Key Concepts
If you just want to quickly get started then you don't have to read this page. This is page covers the key concepts that we use.
Project
Project is the top-most concept when interfacing with the Kognic Platform. It is possible to have multiple ongoing projects, and they act as a container for other Kognic resources. Project setup is usually performed by the Kognic Professional Services team during the Guideline Agreement Process (GAP) of a new client engagement.
Within the Kognic APIs, projects are identified using an external identifier.
Batch
Input batches allow grouping of input data into smaller batches within a project. By default, every project has at least one input batch.

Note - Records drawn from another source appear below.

(* Let $G$ be a finite group, let $H$ be a subgroup of $G$ with $[G:H]=r$, and let $D$ be a $(v,k,\lambda)$-difference set in $G$ with order $n=k-\lambda$. Suppose that some coset of $H$ contains exactly $s$ elements of $D$. Then \[ \left| s - \frac{k}{r} \right| \leq \sqrt{n}\,\frac{r-1}{r}. \]
   Context: For a finite group $G$ of order $v$ and a $k$-subset $D\subseteq G$ with $k\ge 1$, identify $D$ with the group ring element $\sum_{d\in D} d\in\mathbb{Z}G$, and for $a=\sum a_i g_i\in\mathbb{Z}G$ put $a^{(-1)}=\sum a_i g_i^{-1}$. $D$ is a $(v,k,\lambda)$-difference set in $G$ if $DD^{(-1)}=\lambda G+n\cdot 1$ in $\mathbb{Z}G$, where $n=k-\lambda$ (the order of $D$); equivalently every non-identity element of $G$ can be written as $d_1d_2^{-1}$ with $d_1,d_2\in D$ in exactly $\lambda$ ways. *)

theory Defs
  imports Complex_Main "HOL-Algebra.Algebra"
begin

definition difference_set :: "('a, 'b) monoid_scheme \<Rightarrow> 'a set \<Rightarrow> nat \<Rightarrow> nat \<Rightarrow> nat \<Rightarrow> bool" where
  "difference_set G D v k lam \<longleftrightarrow>
     D \<subseteq> carrier G \<and> finite (carrier G) \<and> v = order G \<and> card D = k \<and> k \<ge> 1 \<and>
     (\<forall>g \<in> carrier G. g \<noteq> \<one>\<^bsub>G\<^esub> \<longrightarrow>
        card {(d1, d2). d1 \<in> D \<and> d2 \<in> D \<and> d1 \<otimes>\<^bsub>G\<^esub> inv\<^bsub>G\<^esub> d2 = g} = lam)"

end

theory Submission
  imports Defs "HOL-Analysis.Convex"
begin

(* For the right cosets C of H put x_C = |C \<inter> D|. These numbers sum to k, and the sum of their
   squares counts the pairs (d1, d2) in D \<times> D with d1 d2^-1 in H, which is k + lam (|H| - 1) by the
   difference-set property. Together with lam (v - 1) = k (k - 1) this gives
   \<Sum>_C (x_C - k/r)^2 = n (r - 1) / r. The deviations x_C - k/r sum to zero, so by Cauchy-Schwarz on
   the remaining r - 1 cosets any single one satisfies r (x_C - k/r)^2 \<le> (r - 1) \<Sum>_C (x_C - k/r)^2,
   which is the claimed bound. A left coset g H is the right coset (g H g^-1) g of a conjugate
   subgroup of the same index. *)

lemma square_le_of_sum_eq_0:
  fixes y :: "'a \<Rightarrow> real"
  assumes "finite R" and "a \<in> R" and "(\<Sum>x\<in>R. y x) = 0"
  shows "real (card R) * (y a)\<^sup>2 \<le> (real (card R) - 1) * (\<Sum>x\<in>R. (y x)\<^sup>2)"
proof -
  have "card R > 0"
    using assms(1,2) card_gt_0_iff by blast
  then have card: "real (card (R - {a})) = real (card R) - 1"
    using assms(1,2) by (simp add: of_nat_diff)
  have "(\<Sum>x\<in>R - {a}. y x) = - y a"
    using assms(3) sum.remove[OF assms(1,2), of y] by simp
  then have "(y a)\<^sup>2 \<le> (\<Sum>x\<in>R - {a}. (y x)\<^sup>2) * (real (card R) - 1)"
    using sum_squared_le_sum_of_squares[of y "R - {a}"] card by simp
  also have "\<dots> = ((\<Sum>x\<in>R. (y x)\<^sup>2) - (y a)\<^sup>2) * (real (card R) - 1)"
    using sum.remove[OF assms(1,2), of "\<lambda>x. (y x)\<^sup>2"] by simp
  finally show ?thesis by (simp add: algebra_simps)
qed

context group
begin

lemma mult_inv_eq_one_iff:
  assumes "a \<in> carrier G" and "b \<in> carrier G"
  shows "a \<otimes> inv b = \<one> \<longleftrightarrow> a = b"
  using assms by (metis inv_closed inv_equality inv_inv r_inv)

lemma difference_set_card_quotients_in:
  assumes ds: "difference_set G D v k lam" and S: "S \<subseteq> carrier G"
  shows "card {p \<in> D \<times> D. fst p \<otimes> inv snd p \<in> S}
           = (if \<one> \<in> S then k else 0) + lam * card (S - {\<one>})"
proof -
  have D: "D \<subseteq> carrier G" and fin: "finite (carrier G)" and k: "card D = k"
    and lam: "\<And>g. g \<in> carrier G \<Longrightarrow> g \<noteq> \<one> \<Longrightarrow>
        card {(d1, d2). d1 \<in> D \<and> d2 \<in> D \<and> d1 \<otimes> inv d2 = g} = lam"
    using ds unfolding difference_set_def by auto
  have "finite D" "finite S"
    using D S fin finite_subset by blast+
  define q where "q p = fst p \<otimes> inv snd p" for p
  define P where "P = {p \<in> D \<times> D. q p \<in> S}"
  have fibre: "card {p \<in> P. q p = g} = (if g = \<one> then k else lam)" if g: "g \<in> S" for g
  proof (cases "g = \<one>")
    case True
    then have "{p \<in> P. q p = g} = (\<lambda>d. (d, d)) ` D"
      using D g mult_inv_eq_one_iff unfolding P_def q_def by (auto simp: subset_iff)
    then show ?thesis
      using True k by (simp add: card_image inj_on_def)
  next
    case False
    have "{p \<in> P. q p = g} = {(d1, d2). d1 \<in> D \<and> d2 \<in> D \<and> d1 \<otimes> inv d2 = g}"
      using g unfolding P_def q_def by auto
    then show ?thesis
      using lam[of g] False g S by auto
  qed
  have "card P = (\<Sum>g\<in>S. card {p \<in> P. q p = g})"
    using sum.group[of P S q "\<lambda>_. 1::nat"] \<open>finite D\<close> \<open>finite S\<close> by (auto simp: P_def image_subset_iff)
  also have "\<dots> = (\<Sum>g\<in>S. if g = \<one> then k else lam)"
    using fibre by simp
  also have "\<dots> = (if \<one> \<in> S then k else 0) + lam * card (S - {\<one>})"
    using \<open>finite S\<close> by (simp add: sum.If_cases Int_absorb1 Diff_eq flip: Compl_eq)
  finally show ?thesis
    unfolding P_def q_def .
qed

lemma difference_set_parameters:
  assumes "difference_set G D v k lam"
  shows "k * (k - 1) = lam * (v - 1)"
proof -
  have D: "D \<subseteq> carrier G" and fin: "finite (carrier G)" and k: "card D = k" and v: "v = order G"
    using assms unfolding difference_set_def by auto
  have "{p \<in> D \<times> D. fst p \<otimes> inv snd p \<in> carrier G} = D \<times> D"
    using D by (auto simp: subset_iff)
  then have "k * k = k + lam * (v - 1)"
    using difference_set_card_quotients_in[OF assms subset_refl] k v fin
    by (simp add: card_cartesian_product order_def)
  then show ?thesis
    by (simp add: diff_mult_distrib2)
qed

lemma same_rcoset_iff:
  assumes H: "subgroup H G" and a: "a \<in> carrier G" and b: "b \<in> carrier G"
  shows "(\<exists>C\<in>rcosets H. a \<in> C \<and> b \<in> C) \<longleftrightarrow> a \<otimes> inv b \<in> H"
proof -
  have module: "a \<in> H #> b \<longleftrightarrow> a \<otimes> inv b \<in> H"
    by (rule subgroup.rcos_module[OF H is_group b a])
  have "a \<in> H #> b" if "C \<in> rcosets H" "a \<in> C" "b \<in> C" for C
  proof -
    obtain g where "g \<in> carrier G" "C = H #> g"
      using \<open>C \<in> rcosets H\<close> unfolding RCOSETS_def by auto
    then show ?thesis
      using repr_independence[OF _ _ H] that by metis
  qed
  moreover have "H #> b \<in> rcosets H" and "b \<in> H #> b"
    using rcosetsI[OF subgroup.subset[OF H] b] rcos_self[OF b H] .
  ultimately show ?thesis
    using module by blast
qed

lemma finite_rcosets:
  assumes "subgroup H G" and "finite (carrier G)"
  shows "finite (rcosets H)"
  using rcosets_subset_PowG[OF assms(1)] assms(2) by (simp add: finite_subset)

lemma card_UN_rcosets:
  assumes H: "subgroup H G" and fin: "finite (carrier G)"
    and disj: "\<And>C C'. C \<inter> C' = {} \<Longrightarrow> A C \<inter> A C' = {}"
    and fin_A: "\<And>C. C \<in> rcosets H \<Longrightarrow> finite (A C)"
  shows "card (\<Union>C\<in>rcosets H. A C) = (\<Sum>C\<in>rcosets H. card (A C))"
proof (rule card_UN_disjoint)
  show "\<forall>C\<in>rcosets H. \<forall>C'\<in>rcosets H. C \<noteq> C' \<longrightarrow> A C \<inter> A C' = {}"
    using disj rcos_disjoint[OF H] unfolding pairwise_def disjnt_def by blast
qed (use finite_rcosets[OF H fin] fin_A in auto)

lemma sum_card_rcosets_inter:
  assumes H: "subgroup H G" and fin: "finite (carrier G)" and D: "D \<subseteq> carrier G"
  shows "(\<Sum>C\<in>rcosets H. card (C \<inter> D)) = card D"
proof -
  have "(\<Union>C\<in>rcosets H. C \<inter> D) = D"
    using D rcosets_part_G[OF H] by blast
  moreover have "card (\<Union>C\<in>rcosets H. C \<inter> D) = (\<Sum>C\<in>rcosets H. card (C \<inter> D))"
    by (rule card_UN_rcosets[OF H fin]) (use D fin finite_subset in blast)+
  ultimately show ?thesis
    by simp
qed

lemma sum_card_rcosets_inter_squared:
  assumes H: "subgroup H G" and fin: "finite (carrier G)" and D: "D \<subseteq> carrier G"
  shows "(\<Sum>C\<in>rcosets H. (card (C \<inter> D))\<^sup>2) = card {p \<in> D \<times> D. fst p \<otimes> inv snd p \<in> H}"
proof -
  have "p \<in> (\<Union>C\<in>rcosets H. (C \<inter> D) \<times> (C \<inter> D)) \<longleftrightarrow>
        p \<in> D \<times> D \<and> fst p \<otimes> inv snd p \<in> H" for p
    using same_rcoset_iff[OF H, of "fst p" "snd p"] D by (auto simp: mem_Times_iff)
  then have "(\<Union>C\<in>rcosets H. (C \<inter> D) \<times> (C \<inter> D)) = {p \<in> D \<times> D. fst p \<otimes> inv snd p \<in> H}"
    by blast
  moreover have "card (\<Union>C\<in>rcosets H. (C \<inter> D) \<times> (C \<inter> D))
      = (\<Sum>C\<in>rcosets H. card ((C \<inter> D) \<times> (C \<inter> D)))"
    by (rule card_UN_rcosets[OF H fin]) (use D fin finite_subset in blast)+
  ultimately show ?thesis
    by (simp add: card_cartesian_product power2_eq_square)
qed

lemma difference_set_rcosets_sum_squared_deviation:
  assumes H: "subgroup H G" and fin: "finite (carrier G)" and ds: "difference_set G D v k lam"
  defines "r \<equiv> card (rcosets H)"
  shows "(\<Sum>C\<in>rcosets H. (real (card (C \<inter> D)) - real k / real r)\<^sup>2)
           = (real k - real lam) * (real r - 1) / real r"
proof -
  have D: "D \<subseteq> carrier G" and k: "card D = k" and v: "v = order G" and "k \<ge> 1"
    using ds unfolding difference_set_def by auto
  define h where "h = card H"
  have "\<one> \<in> H"
    using subgroup.one_closed[OF H] .
  have "finite H"
    using subgroup.subset[OF H] fin by (rule finite_subset)
  then have "h > 0"
    using \<open>\<one> \<in> H\<close> unfolding h_def by (auto simp: card_gt_0_iff)
  have index: "r * h = v"
    using lagrange[OF H] v unfolding r_def h_def by simp
  moreover have "v > 0"
    using fin v order_gt_0_iff_finite by blast
  ultimately have "r > 0"
    by (metis mult_0 neq0_conv)
  have first: "(\<Sum>C\<in>rcosets H. real (card (C \<inter> D))) = k"
    using sum_card_rcosets_inter[OF H fin D] k by (simp flip: of_nat_sum)
  have "(\<Sum>C\<in>rcosets H. (card (C \<inter> D))\<^sup>2) = k + lam * (h - 1)"
    using sum_card_rcosets_inter_squared[OF H fin D] difference_set_card_quotients_in[OF ds]
      subgroup.subset[OF H] \<open>\<one> \<in> H\<close> \<open>finite H\<close> unfolding h_def by simp
  then have second: "(\<Sum>C\<in>rcosets H. (real (card (C \<inter> D)))\<^sup>2) = k + lam * (real h - 1)"
    using \<open>h > 0\<close> by (simp add: of_nat_diff flip: of_nat_sum of_nat_power)
  have "real (k * (k - 1)) = real (lam * (r * h - 1))"
    using difference_set_parameters[OF ds] index by simp
  then have params: "real k * (real k - 1) = lam * (real r * h - 1)"
    using \<open>k \<ge> 1\<close> \<open>r > 0\<close> \<open>h > 0\<close> by (simp add: of_nat_diff)
  have "(\<Sum>C\<in>rcosets H. (real (card (C \<inter> D)) - real k / real r)\<^sup>2)
      = (\<Sum>C\<in>rcosets H. (real (card (C \<inter> D)))\<^sup>2)
        - 2 * (real k / real r) * (\<Sum>C\<in>rcosets H. real (card (C \<inter> D))) + r * (real k / real r)\<^sup>2"
    by (simp add: power2_diff sum.distrib sum_subtractf sum_distrib_left sum_divide_distrib r_def mult_ac)
  also have "\<dots> = (real k - real lam) * (real r - 1) / real r"
    unfolding first second using params \<open>r > 0\<close>
    by (simp add: field_simps power2_eq_square)
  finally show ?thesis .
qed

lemma difference_set_rcoset_inter_bound:
  assumes H: "subgroup H G" and fin: "finite (carrier G)" and ds: "difference_set G D v k lam"
    and C: "C \<in> rcosets H"
  defines "r \<equiv> card (rcosets H)"
  shows "\<bar>real (card (C \<inter> D)) - real k / real r\<bar> \<le> sqrt (real k - real lam) * (real r - 1) / real r"
proof -
  define y where "y B = real (card (B \<inter> D)) - real k / real r" for B
  have "finite (rcosets H)"
    using finite_rcosets[OF H fin] .
  then have "r > 0"
    using C unfolding r_def by (auto simp: card_gt_0_iff)
  have D: "D \<subseteq> carrier G" and k: "card D = k"
    using ds unfolding difference_set_def by auto
  have "(\<Sum>C\<in>rcosets H. y C) = 0"
    using sum_card_rcosets_inter[OF H fin D] k \<open>r > 0\<close>
    by (simp add: y_def sum_subtractf r_def flip: of_nat_sum)
  then have "r * (y C)\<^sup>2 \<le> (real r - 1) * (\<Sum>C\<in>rcosets H. (y C)\<^sup>2)"
    using square_le_of_sum_eq_0[OF \<open>finite (rcosets H)\<close> C] unfolding r_def by simp
  also have "\<dots> = (real r - 1) * ((real k - real lam) * (real r - 1) / real r)"
    using difference_set_rcosets_sum_squared_deviation[OF H fin ds] unfolding y_def r_def by simp
  finally have "(y C)\<^sup>2 \<le> (real k - real lam) * ((real r - 1) / real r)\<^sup>2"
    using \<open>r > 0\<close> by (simp add: field_simps power2_eq_square)
  then have "\<bar>y C\<bar> \<le> sqrt ((real k - real lam) * ((real r - 1) / real r)\<^sup>2)"
    using real_sqrt_le_mono by fastforce
  also have "\<dots> = sqrt (real k - real lam) * (real r - 1) / real r"
    using \<open>r > 0\<close> by (simp add: real_sqrt_mult)
  finally show ?thesis
    unfolding y_def .
qed

lemma lcoset_in_rcosets_conjugate:
  assumes H: "subgroup H G" and fin: "finite (carrier G)" and g: "g \<in> carrier G"
  defines "K \<equiv> g <# H #> inv g"
  shows "subgroup K G" and "card (rcosets K) = card (rcosets H)" and "g <# H \<in> rcosets K"
proof -
  have gH: "g <# H \<subseteq> carrier G"
    using l_coset_subset_G[OF subgroup.subset[OF H] g] .
  show "subgroup K G"
    using subgroup_conjugation_is_surj1[of "inv g" H] g H unfolding K_def by simp
  have "g <# H \<in> lcosets H"
    using g unfolding LCOSETS_def by blast
  then have "card (g <# H) = card H"
    using l_card_cosets_equal[OF _ subgroup.subset[OF H] fin] by simp
  moreover have "card K = card (g <# H)"
    using card_rcosets_equal[OF rcosetsI[OF gH inv_closed[OF g]] gH] unfolding K_def by simp
  ultimately have "card K = card H"
    by simp
  moreover have "card H > 0"
    using subgroup.one_closed[OF H] finite_subset[OF subgroup.subset[OF H] fin]
    by (auto simp: card_gt_0_iff)
  ultimately show "card (rcosets K) = card (rcosets H)"
    using lagrange[OF H] lagrange[OF \<open>subgroup K G\<close>] by (metis mult_right_cancel neq0_conv)
  have "g <# H = K #> g"
    using coset_mult_assoc[OF gH inv_closed[OF g] g] g gH unfolding K_def by simp
  then show "g <# H \<in> rcosets K"
    using rcosetsI[OF _ g] \<open>subgroup K G\<close> subgroup.subset by metis
qed

end

theorem theorem1p1:
  fixes G (structure) and H :: "'a set" and D :: "'a set"
    and v k lam r s :: nat
  assumes "group G"
    and "finite (carrier G)"
    and "subgroup H G"
    and "r = card (rcosets H)"
    and "difference_set G D v k lam"
    and "C \<in> rcosets H \<or> C \<in> lcosets H"
    and "card (C \<inter> D) = s"
  shows "\<bar>real s - real k / real r\<bar> \<le> sqrt (real k - real lam) * (real r - 1) / real r"
proof -
  interpret group G by fact
  obtain K where "subgroup K G" "card (rcosets K) = r" "C \<in> rcosets K"
  proof (cases "C \<in> rcosets H")
    case False
    then obtain g where "g \<in> carrier G" "C = g <# H"
      using assms(6) unfolding LCOSETS_def by auto
    then show ?thesis
      using that lcoset_in_rcosets_conjugate[OF assms(3,2)] assms(4) by metis
  qed (use that assms in auto)
  then show ?thesis
    using difference_set_rcoset_inter_bound[OF _ assms(2,5)] assms(7) by metis
qed

end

Ongoing projects can be benefited from having multiple batches in two ways:
- Group input data that are collected during a certain time interval
- Perform guideline or task definition changes without the need for retroactive changes.
Batch Status
Status | Description |
---|---|
pending | Batch has been created but is still not fully configured by Kognic. Either during project setup or requested changes |
open | Batch is open for new inputs |
ready | Batch has been published and no longer open for new inputs. |
in-progress | Kognic has started annotation of inputs within the batch. |
completed | Annotations has been completed. |
Request
During GAP, projects can have several annotation types as the end goal. For example, a project consisting of images can be assigned for both lane detection and object annotation. Within Kognic, a Request represents a specific annotation goal for a given input. We divide big and complex projects into several independent annotation types. This makes it possible to:
- Reduce the cognitive load on the annotators
- More annotators can work on the same data in parallel
- Simplify user interfaces
All of these contribute to a high level of quality while also reducing the total time needed for producing an annotation.
Guideline
In order to produce annotations, one needs to know what to annotate and how. This type of information is found in Guideline. A guideline defines what specific object to mark (e.g. vehicles and pedestrians), as well as how (e.g. bounding box). A guideline also includes detailed information about how to interpret the data, e.g. what it means by a vehicle is "heavily occluded".
Task Definition
Task Definition describes what should/could be annotated. How many object types? Bounding box, semantic segmentation or lines/splines for each object type? What are the properties for each object type? Task definitions are json files that the Kognic Professional Services team generates from the guideline. The task definition is then used by the Kognic App to construct the appropriate drawing tool. In other words, task definition can be understood as the machine readable quivalent of a guideline.
Scene
Before setting up any annotation task, the raw data needs to be correctly uploaded to the Kognic Platform. The scene specifies how data from different sources are combined together. Resources are images and point clouds, as well as metadata and calibrations (define sensors' properties). We support different types of setup, for example:
- Image(s) from a (multiple) camera(s)
- Image(s) from camera(s) combined with lidar point clouds
Another concept related to scene is frame. A frame is a discrete moment of a scene in time. Scenes can be either single frame or sequence (multiple frames). Sequence should be used when temporal information is important for producing the annotation.
Scene Types
Type | Description |
---|---|
Cameras | A single frame consisting of image(s) from 1-9 cameras |
LidarsAndCameras | A single frame consisting of 1-20 lidar point clouds and image(s) from 1-9 cameras |
CamerasSeq | A sequence of frames, each frame consisting of image(s) from 1-9 cameras |
LidarsAndCamerasSeq | A sequence of frames, each frame consisting of 1-20 lidar point clouds and image(s) from 1-9 cameras |
AggregatedLidarsAndCamerasSeq | A sequence of frames, each frame consisting of 1-20 lidar point clouds and image(s) from 1-9 cameras. However, point clouds are aggregated over time, producing a unified point cloud. |
Input
Once a scene has been uploaded to the Kognic Platform, one can create annotation tasks as inputs where each input is associated to a request. Differenciate input from scene enables efficient reuse of the uploaded data. For instance, multiple inputs can be created from the same scene enabling different kinds of annotation setups.
Note that one can create an input simultaneously when creating a scene by providing the project/batch that it should be associated to, see examples in Working with Scenes and Inputs.
Annotation
An annotation is produced when inputs are successfully annotated in a request. Annotations are provided by kognic-io
API as json objects
in ASAM OpenLABEL format. More information on how to download these annotations along with some examples of
how to work with them is available in the Downloading Annotations chapter.
Apart from kognic-io
API, Kognic also provides a library called kognic-openlabel
,
which makes it easy to parse and work with the OpenLABEL json objects.